The number needed is how many lines of the data hold the string "lemma". Give that number and nothing more.
########################################
(* Let $n\ge1$, $\varepsilon\in D$, $s\in D^n$, and let $\mu^{(n)}$, $e_n$ and $n'$ be as in the recursive construction below. If $g\in D[x]$ is zero or satisfies $\deg g\le -e_n$, then $\mu^{(n)}+g\,\mu^{(n')}\in\mathrm{Min}(s)$. In particular, if $e_n\le 0$ then $s$ has more than one minimal polynomial, i.e. $|\mathrm{Min}(s)|>1$.
   Context: Let $D$ be a commutative integral domain with $1\neq 0$. For $s=(s_1,\dots,s_n)\in D^n$ put $\underline{s}=s_1x^{-1}+\cdots+s_nx^{-n}\in D[x,x^{-1}]$; for a Laurent polynomial $F$, $F_k$ is the coefficient of $x^k$; $s^{(i)}=(s_1,\dots,s_i)$. A polynomial $f\in D[x]$ is an annihilator of $s$ if $f=0$, or $d=\deg f\ge0$ and $(f\cdot\underline{s})_{d-j}=0$ for $d+1\le j\le n$. $\mathrm{Min}(s)$ is the set of nonzero annihilators of least degree. For nonzero $f\in D[x]$ and $t\in D^m$, $\Delta(f,t)=(f\cdot\underline{t})_{\deg f-m}$. Recursive construction (relative to a fixed $\varepsilon\in D$): put $\mu^{(-1)}=\varepsilon$, $\mu^{(0)}=1$, $\Delta_0=1$, $0'=-1$, and for $j\ge 0$ let $e_j=j+1-2\deg\mu^{(j)}$ (so $e_0=1$). For $j=1,\dots,n$ successively define: $\Delta_j=\Delta(\mu^{(j-1)},s^{(j)})$; the index $j'=(j-1)'$ if $\Delta_j=0$ or $e_{j-1}\le 0$, and $j'=j-1$ if $\Delta_j\neq0$ and $e_{j-1}>0$; $\Delta'_j=\Delta_{(j-1)'+1}$; and $\mu^{(j)}=\mu^{(j-1)}$ if $\Delta_j=0$, otherwise $\mu^{(j)}=\Delta'_j\,x^{\max\{e_{j-1},0\}}\mu^{(j-1)}-\Delta_j\,x^{\max\{-e_{j-1},0\}}\mu^{((j-1)')}$. *)

theory Defs
  imports "HOL-Computational_Algebra.Polynomial"
begin

text \<open>A sequence s in D^n is represented by a function s :: nat => 'a together with
  the length n; only the values s 1, ..., s n are relevant.
  The prefix s^(i) is represented by the same function with length i.\<close>

text \<open>Coefficient of x^k in the Laurent polynomial f * (s_1 x^-1 + ... + s_n x^-n).\<close>
definition lcoef :: "(nat \<Rightarrow> 'a::comm_ring_1) \<Rightarrow> nat \<Rightarrow> 'a poly \<Rightarrow> int \<Rightarrow> 'a" where
  "lcoef s n f k = (\<Sum>i\<le>degree f. coeff f i *
      (if 1 \<le> int i - k \<and> int i - k \<le> int n then s (nat (int i - k)) else 0))"

definition annihilator :: "(nat \<Rightarrow> 'a::comm_ring_1) \<Rightarrow> nat \<Rightarrow> 'a poly \<Rightarrow> bool" where
  "annihilator s n f \<longleftrightarrow> f = 0 \<or>
     (\<forall>j. degree f + 1 \<le> j \<and> j \<le> n \<longrightarrow> lcoef s n f (int (degree f) - int j) = 0)"

definition MinPolys :: "(nat \<Rightarrow> 'a::comm_ring_1) \<Rightarrow> nat \<Rightarrow> 'a poly set" where
  "MinPolys s n = {f. f \<noteq> 0 \<and> annihilator s n f \<and>
       (\<forall>h. h \<noteq> 0 \<and> annihilator s n h \<longrightarrow> degree f \<le> degree h)}"

definition Discr :: "'a::comm_ring_1 poly \<Rightarrow> (nat \<Rightarrow> 'a) \<Rightarrow> nat \<Rightarrow> 'a" where
  "Discr f s m = lcoef s m f (int (degree f) - int m)"

text \<open>State after step j of the recursive construction:
  (mu^(j), mu^(j'), Delta_(j'+1), j').  Initially (j = 0): (1, eps, Delta_0 = 1, 0' = -1).\<close>
fun bm_state :: "(nat \<Rightarrow> 'a::comm_ring_1) \<Rightarrow> 'a \<Rightarrow> nat \<Rightarrow> 'a poly \<times> 'a poly \<times> 'a \<times> int" where
  "bm_state s eps 0 = (1, [:eps:], 1, -1)"
| "bm_state s eps (Suc k) =
     (let (mu, mup, Dp, jp) = bm_state s eps k;
          j = Suc k;
          Dj = Discr mu s j;
          e = int k + 1 - 2 * int (degree mu)
      in if Dj = 0 then (mu, mup, Dp, jp)
         else if e > 0 then
           (smult Dp (monom 1 (nat e) * mu) - smult Dj mup, mu, Dj, int k)
         else
           (smult Dp mu - smult Dj (monom 1 (nat (- e)) * mup), mup, Dp, jp))"

definition bm_mu :: "(nat \<Rightarrow> 'a::comm_ring_1) \<Rightarrow> 'a \<Rightarrow> nat \<Rightarrow> 'a poly" where
  "bm_mu s eps j = fst (bm_state s eps j)"

definition bm_mu_int :: "(nat \<Rightarrow> 'a::comm_ring_1) \<Rightarrow> 'a \<Rightarrow> int \<Rightarrow> 'a poly" where
  "bm_mu_int s eps j = (if j < 0 then [:eps:] else bm_mu s eps (nat j))"

definition bm_jprime :: "(nat \<Rightarrow> 'a::comm_ring_1) \<Rightarrow> 'a \<Rightarrow> nat \<Rightarrow> int" where
  "bm_jprime s eps j = snd (snd (snd (bm_state s eps j)))"

definition bm_e :: "(nat \<Rightarrow> 'a::comm_ring_1) \<Rightarrow> 'a \<Rightarrow> nat \<Rightarrow> int" where
  "bm_e s eps j = int j + 1 - 2 * int (degree (bm_mu s eps j))"

end

theory Submission
  imports Defs
begin

(* Extend s by zero outside 1..n and write [f|m] = sum_i f_i s_(i+m); this is the
   coefficient of x^(-m) in f * (sum_(i>=1) s_i x^(-i)).  Then f annihilates s^(n) iff
   [f|t - deg f] = 0 for deg f < t <= n, and Delta(f, s^(j)) = [f|j - deg f].
   The key fact is Massey's bound: if f annihilates s^(k) but not s^(k+1),
   every nonzero annihilator h of s^(k+1) has deg f + deg h >= k + 1.
   By induction on j we then show an invariant of the construction: mu^(j) is a minimal
   polynomial of s^(j), mu^(j') annihilates s^(j') with Delta_(j'+1) = [mu^(j')|j'+1-deg]
   and deg mu^(j) + deg mu^(j') = j' + 1.  Finally, adding g * mu^(n') with
   deg g <= -e_n to mu^(n) keeps the degree and the annihilation property, which gives
   the first claim; for e_n <= 0 the choices g = 0 and g = 1 give two minimal polynomials. *)

definition seq_val :: "(nat \<Rightarrow> 'a::comm_ring_1) \<Rightarrow> int \<Rightarrow> 'a" where
  "seq_val s m = (if 1 \<le> m then s (nat m) else 0)"

definition series_coeff :: "(nat \<Rightarrow> 'a::comm_ring_1) \<Rightarrow> 'a poly \<Rightarrow> int \<Rightarrow> 'a" where
  "series_coeff s f m = (\<Sum>i\<le>degree f. coeff f i * seq_val s (int i + m))"

definition annihilates :: "(nat \<Rightarrow> 'a::comm_ring_1) \<Rightarrow> nat \<Rightarrow> 'a poly \<Rightarrow> bool" where
  "annihilates s n f \<longleftrightarrow>
     (\<forall>t. degree f < t \<and> t \<le> n \<longrightarrow> series_coeff s f (int t - int (degree f)) = 0)"

lemma series_coeff_bound:
  "degree f \<le> N \<Longrightarrow> series_coeff s f m = (\<Sum>i\<le>N. coeff f i * seq_val s (int i + m))"
  unfolding series_coeff_def by (rule sum.mono_neutral_left) (auto simp: coeff_eq_0)

lemma series_coeff_0 [simp]: "series_coeff s 0 m = 0"
  by (simp add: series_coeff_def)

lemma series_coeff_add: "series_coeff s (p + q) m = series_coeff s p m + series_coeff s q m"
  using degree_add_le_max[of p q]
  by (simp add: series_coeff_bound[of _ "max (degree p) (degree q)"] sum.distrib algebra_simps)

lemma series_coeff_diff: "series_coeff s (p - q) m = series_coeff s p m - series_coeff s q m"
  using degree_diff_le_max[of p q]
  by (simp add: series_coeff_bound[of _ "max (degree p) (degree q)"] sum_subtractf algebra_simps)

lemma series_coeff_smult: "series_coeff s (smult c p) m = c * series_coeff s p m"
  using degree_smult_le[of c p]
  by (simp add: series_coeff_bound[of _ "degree p"] sum_distrib_left algebra_simps)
########################################
Answer to the problem:
5